Prerequisites: ES cluster to talk to (docker or local)
To start the docker elasticsearch cluster, first increase virtual memory available:

temporarily with `sysctl -w vm.max_map_count=262144`
or permanently via setting:
`vm.max_map_count` to `262144` in `/etc/sysctl.conf`

then:

    docker-compose up

(in virtualenv) `pip install elasticsearch jupyter rstr`

In [19]:
import json
from datetime import datetime
from uuid import uuid4
from copy import deepcopy

import fixtures

import elasticsearch
es1 = {'host': 'localhost', 'port': 9201}
es2 = {'host': 'localhost', 'port': 9202}
es = elasticsearch.Elasticsearch([es1, es2])

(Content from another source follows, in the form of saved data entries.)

(* Let $G$ be a reaction network whose stoichiometric subspace is one-dimensional. If $cap_{pos}(G)<+\infty$, then $cap_{nondeg}(G)=cap_{pos}(G)$.
   Context: A reaction network $G$ has species $X_1,\dots,X_s$ and $m$ reactions $\sum_{i}\alpha_{ij}X_i\to\sum_i\beta_{ij}X_i$, with $\alpha_{ij},\beta_{ij}\in\mathbb Z_{\ge0}$ and $(\alpha_{1j},\dots,\alpha_{sj})\neq(\beta_{1j},\dots,\beta_{sj})$. The stoichiometric matrix $\mathcal N$ has entries $\beta_{ij}-\alpha_{ij}$; its image $S$ is the stoichiometric subspace. For $\kappa\in\mathbb R^m_{>0}$, mass-action kinetics gives $\dot x=f(\kappa;x)=\mathcal N(\kappa_1\prod_i x_i^{\alpha_{i1}},\dots,\kappa_m\prod_i x_i^{\alpha_{im}})^\top$. Stoichiometric compatibility classes are the sets $(x^0+S)\cap\mathbb R^s_{\ge0}$. A steady state is $x\in\mathbb R^s_{\ge0}$ with $f(\kappa;x)=0$; positive if $x\in\mathbb R^s_{>0}$; nondegenerate if $\mathrm{Jac}_f(x)(S)=S$. $cap_{pos}(G)$ (resp. $cap_{nondeg}(G)$) is the maximal $N\in\mathbb Z_{\ge0}\cup\{+\infty\}$ such that for some $\kappa$ and some compatibility class, $G$ has $N$ positive (resp. nondegenerate positive) steady states in that class. *)

theory Defs
  imports "HOL-Analysis.Analysis" "HOL-Library.Extended_Nat"
begin

text \<open>Species are the elements of a finite type 's. A complex is a vector of
nonnegative integer stoichiometric coefficients ('s \<Rightarrow> nat). A reaction is a pair
(reactant complex alpha, product complex beta); a reaction network is the list of its
m reactions (reaction j is the j-th list element, j < m).\<close>

type_synonym 's complex = "'s \<Rightarrow> nat"
type_synonym 's network = "('s complex \<times> 's complex) list"

definition reaction_network :: "'s network \<Rightarrow> bool" where
  "reaction_network G \<longleftrightarrow> (\<forall>r \<in> set G. fst r \<noteq> snd r)"

definition cvec :: "'s::finite complex \<Rightarrow> real ^ 's" where
  "cvec a = (\<chi> i. real (a i))"

definition reaction_vec :: "'s::finite complex \<times> 's complex \<Rightarrow> real ^ 's" where
  "reaction_vec r = cvec (snd r) - cvec (fst r)"

definition stoich_subspace :: "'s::finite network \<Rightarrow> (real ^ 's) set" where
  "stoich_subspace G = span (reaction_vec ` set G)"
lemma exists_Q2_split_eq_power2_norm_pool2_diff:
  "\<exists>F'\<in>Q2 f. \<exists>\<Omega>. (\<Sum>p\<in>\<Omega>. ((x - y) \<bullet> case_prod F' p)^2) + (\<Sum>p\<in>-\<Omega>. ((x + y) \<bullet> case_prod F' p)^2)
      = norm (pool2 f x - pool2 f y)^2"
proof -
  let ?a = "pool_coeffs f x" and ?b = "pool_coeffs f y"
  have "\<exists>U \<Omega>. orthogonal_matrix U \<and> (\<Sum>i\<in>\<Omega>. ((U *v (?a k - ?b k)) $ i)^2)
      + (\<Sum>i\<in>-\<Omega>. ((U *v (?a k + ?b k)) $ i)^2) = (norm (?a k) - norm (?b k))^2" for k
    by (rule orthogonal_split_eq_power2_norm_diff)
  then obtain U \<Omega> where U: "\<And>k. orthogonal_matrix (U k)"
    and split: "\<And>k. (\<Sum>i\<in>\<Omega> k. ((U k *v (?a k - ?b k)) $ i)^2)
      + (\<Sum>i\<in>-\<Omega> k. ((U k *v (?a k + ?b k)) $ i)^2) = (norm (?a k) - norm (?b k))^2"
    by metis
  have compl: "- Sigma UNIV \<Omega> = Sigma UNIV (\<lambda>k. - \<Omega> k)"
    by auto
  have "(\<Sum>p\<in>Sigma UNIV \<Omega>. ((x - y) \<bullet> case_prod (rotate_pools f U) p)^2)
      + (\<Sum>p\<in>- Sigma UNIV \<Omega>. ((x + y) \<bullet> case_prod (rotate_pools f U) p)^2)
      = (\<Sum>k\<in>UNIV. (\<Sum>i\<in>\<Omega> k. ((U k *v (?a k - ?b k)) $ i)^2)
          + (\<Sum>i\<in>-\<Omega> k. ((U k *v (?a k + ?b k)) $ i)^2))"
    unfolding compl sum_Sigma_power2_inner pool_coeffs_rotate_pools
    unfolding pool_coeffs_diff pool_coeffs_add
    by (rule sum.distrib[symmetric])
  also have "\<dots> = norm (pool2 f x - pool2 f y)^2"
    unfolding split power2_norm_pool2_diff ..
  finally show ?thesis
    using rotate_pools_in_Q2[of U f] U by blast
qed
lemma repetitions_le: "real (repetitions j) \<le> 4 * 2 ^ j * (real j + 3) / success_bound"
proof -
  define z where "z = 2 ^ (j + 1) * (real j + 3) / success_bound"
  have "1 * 1 \<le> (2::real) ^ (j + 1) * (real j + 3)" by (intro mult_mono one_le_power) auto
  then have "1 \<le> z"
    using success_bound_pos success_bound_le_1 unfolding z_def
    by (simp add: le_divide_eq)
  then have "real (repetitions j) \<le> 2 * z" unfolding repetitions_def z_def[symmetric] by linarith
  then show ?thesis by (simp add: z_def field_simps)
qed

lemma grover_iters_le:
  assumes "2 ^ j \<le> real n"
  shows "real (grover_iters n j) + 2 \<le> 3 * (sqrt n / sqrt (2 ^ j))"
proof -
  define a where "a = sqrt (2 ^ j :: real)"
  define b where "b = sqrt (real n)"
  have a: "0 < a" "a \<le> b" using assms by (simp_all add: a_def b_def real_sqrt_le_mono)
  have "0 \<le> 1 / (8 * sqrt (2 ^ j / real n))" by simp
  then have "real (grover_iters n j) \<le> 1 / (8 * sqrt (2 ^ j / real n))"
    unfolding grover_iters_def by linarith
  also have "\<dots> = b / (8 * a)" using a by (simp add: a_def b_def real_sqrt_divide field_simps)
  also have "\<dots> \<le> b / a" using a by (simp add: field_simps)
  finally have "real (grover_iters n j) \<le> b / a" .
  moreover have "1 \<le> b / a" using a by simp
  ultimately show ?thesis unfolding a_def b_def by linarith
qed

lemma repetitions_grover_iters_le:
  assumes "2 ^ j \<le> real n"
  shows "real (repetitions j) * (real (grover_iters n j) + 2)
       \<le> 12 * (real j + 3) * sqrt n / success_bound * sqrt (2 ^ j)"
proof -
  have "real (repetitions j) * (real (grover_iters n j) + 2)
      \<le> (4 * 2 ^ j * (real j + 3) / success_bound) * (3 * (sqrt n / sqrt (2 ^ j)))"
    using repetitions_le grover_iters_le[OF assms] success_bound_pos by (intro mult_mono) auto
  also have "\<dots> = 12 * (real j + 3) * sqrt n / success_bound * sqrt (2 ^ j)"
    using success_bound_pos by (simp add: field_simps real_sqrt_mult[symmetric] flip: power_add)
  finally show ?thesis .
qed

lemma sum_repetitions_grover_iters_le:
  assumes "2 ^ J \<le> real n"
  shows "real (\<Sum>j<Suc J. repetitions j * (grover_iters n j + 2))
       \<le> 12 * (real J + 3) * sqrt n / success_bound * (4 * sqrt (2 ^ J))"
proof -
  have "real (\<Sum>j<Suc J. repetitions j * (grover_iters n j + 2))
      = (\<Sum>j<Suc J. real (repetitions j) * (real (grover_iters n j) + 2))"
    by (simp only: of_nat_sum of_nat_mult of_nat_add of_nat_numeral)
  also have "\<dots> \<le> (\<Sum>j<Suc J. 12 * (real J + 3) * sqrt n / success_bound * sqrt (2 ^ j))"
  proof (intro sum_mono)
    fix j assume "j \<in> {..<Suc J}"
    then have "(2::real) ^ j \<le> 2 ^ J" by (intro power_increasing) auto
    then have "2 ^ j \<le> real n" using assms by linarith
    then have "real (repetitions j) * (real (grover_iters n j) + 2)
        \<le> 12 * (real j + 3) * sqrt n / success_bound * sqrt (2 ^ j)"
      by (rule repetitions_grover_iters_le)
    also have "\<dots> \<le> 12 * (real J + 3) * sqrt n / success_bound * sqrt (2 ^ j)"
      using \<open>j \<in> _\<close> success_bound_pos by (auto intro!: mult_right_mono divide_right_mono)
    finally show "real (repetitions j) * (real (grover_iters n j) + 2)
        \<le> 12 * (real J + 3) * sqrt n / success_bound * sqrt (2 ^ j)" .
  qed
  also have "\<dots> = 12 * (real J + 3) * sqrt n / success_bound * (\<Sum>j<Suc J. sqrt (2 ^ j))"
    by (rule sum_distrib_left[symmetric])
  also have "\<dots> \<le> 12 * (real J + 3) * sqrt n / success_bound * (4 * sqrt (2 ^ J))"
    using sum_sqrt_power2_le[of J] success_bound_pos by (intro mult_left_mono) auto
  finally show ?thesis .
qed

### Check we have redundancy:

Notice we talk to both hosts

In [2]:
for i in range(0, 9):
    print(es.info(pretty=True))

{'name': 'es01', 'cluster_name': 'es-docker-cluster', 'cluster_uuid': 'y2M8TuB0RhGkyhL5UZ_X6A', 'version': {'number': '7.10.0', 'build_flavor': 'default', 'build_type': 'docker', 'build_hash': '51e9d6f22758d0374a0f3f5c6e8f3a7997850f96', 'build_date': '2020-11-09T21:30:33.964949Z', 'build_snapshot': False, 'lucene_version': '8.7.0', 'minimum_wire_compatibility_version': '6.8.0', 'minimum_index_compatibility_version': '6.0.0-beta1'}, 'tagline': 'You Know, for Search'}
{'name': 'es02', 'cluster_name': 'es-docker-cluster', 'cluster_uuid': 'y2M8TuB0RhGkyhL5UZ_X6A', 'version': {'number': '7.10.0', 'build_flavor': 'default', 'build_type': 'docker', 'build_hash': '51e9d6f22758d0374a0f3f5c6e8f3a7997850f96', 'build_date': '2020-11-09T21:30:33.964949Z', 'build_snapshot': False, 'lucene_version': '8.7.0', 'minimum_wire_compatibility_version': '6.8.0', 'minimum_index_compatibility_version': '6.0.0-beta1'}, 'tagline': 'You Know, for Search'}
{'name': 'es01', 'cluster_name': 'es-docker-cluster', 'clu

Now stop one of the hosts (in terminal)

    docker stop es01

Then run the cell above again. This time it seamlessly connects to es02 each time.
Restart the container.

    docker start es01

In [39]:
# Clear up previous run
es.indices.delete('doaj-*') if es.indices.get('doaj-*') else print('Nothing to do')

{'acknowledged': True}

### Creating an index with custom dynamic mapping

The dynamic mappings have changed somewhat since ES 1.7. For reference, here's the old
default dynamic mapping:
```
'dynamic_templates': [
            {
                'default': {
                    'match': '*', 'match_mapping_type': 'string', 'mapping': {
                        'type': 'multi_field', 'fields': {
                            '{name}': {'type': '{dynamic_type}', 'index': 'analyzed', 'store': 'no'},
                            'exact': {'type': '{dynamic_type}', 'index': 'not_analyzed', 'store': 'yes'}}
                    }
                }
            }
        ]
    }
```
The following gives us an equivalent `.exact` not_analyzed **keyword** field.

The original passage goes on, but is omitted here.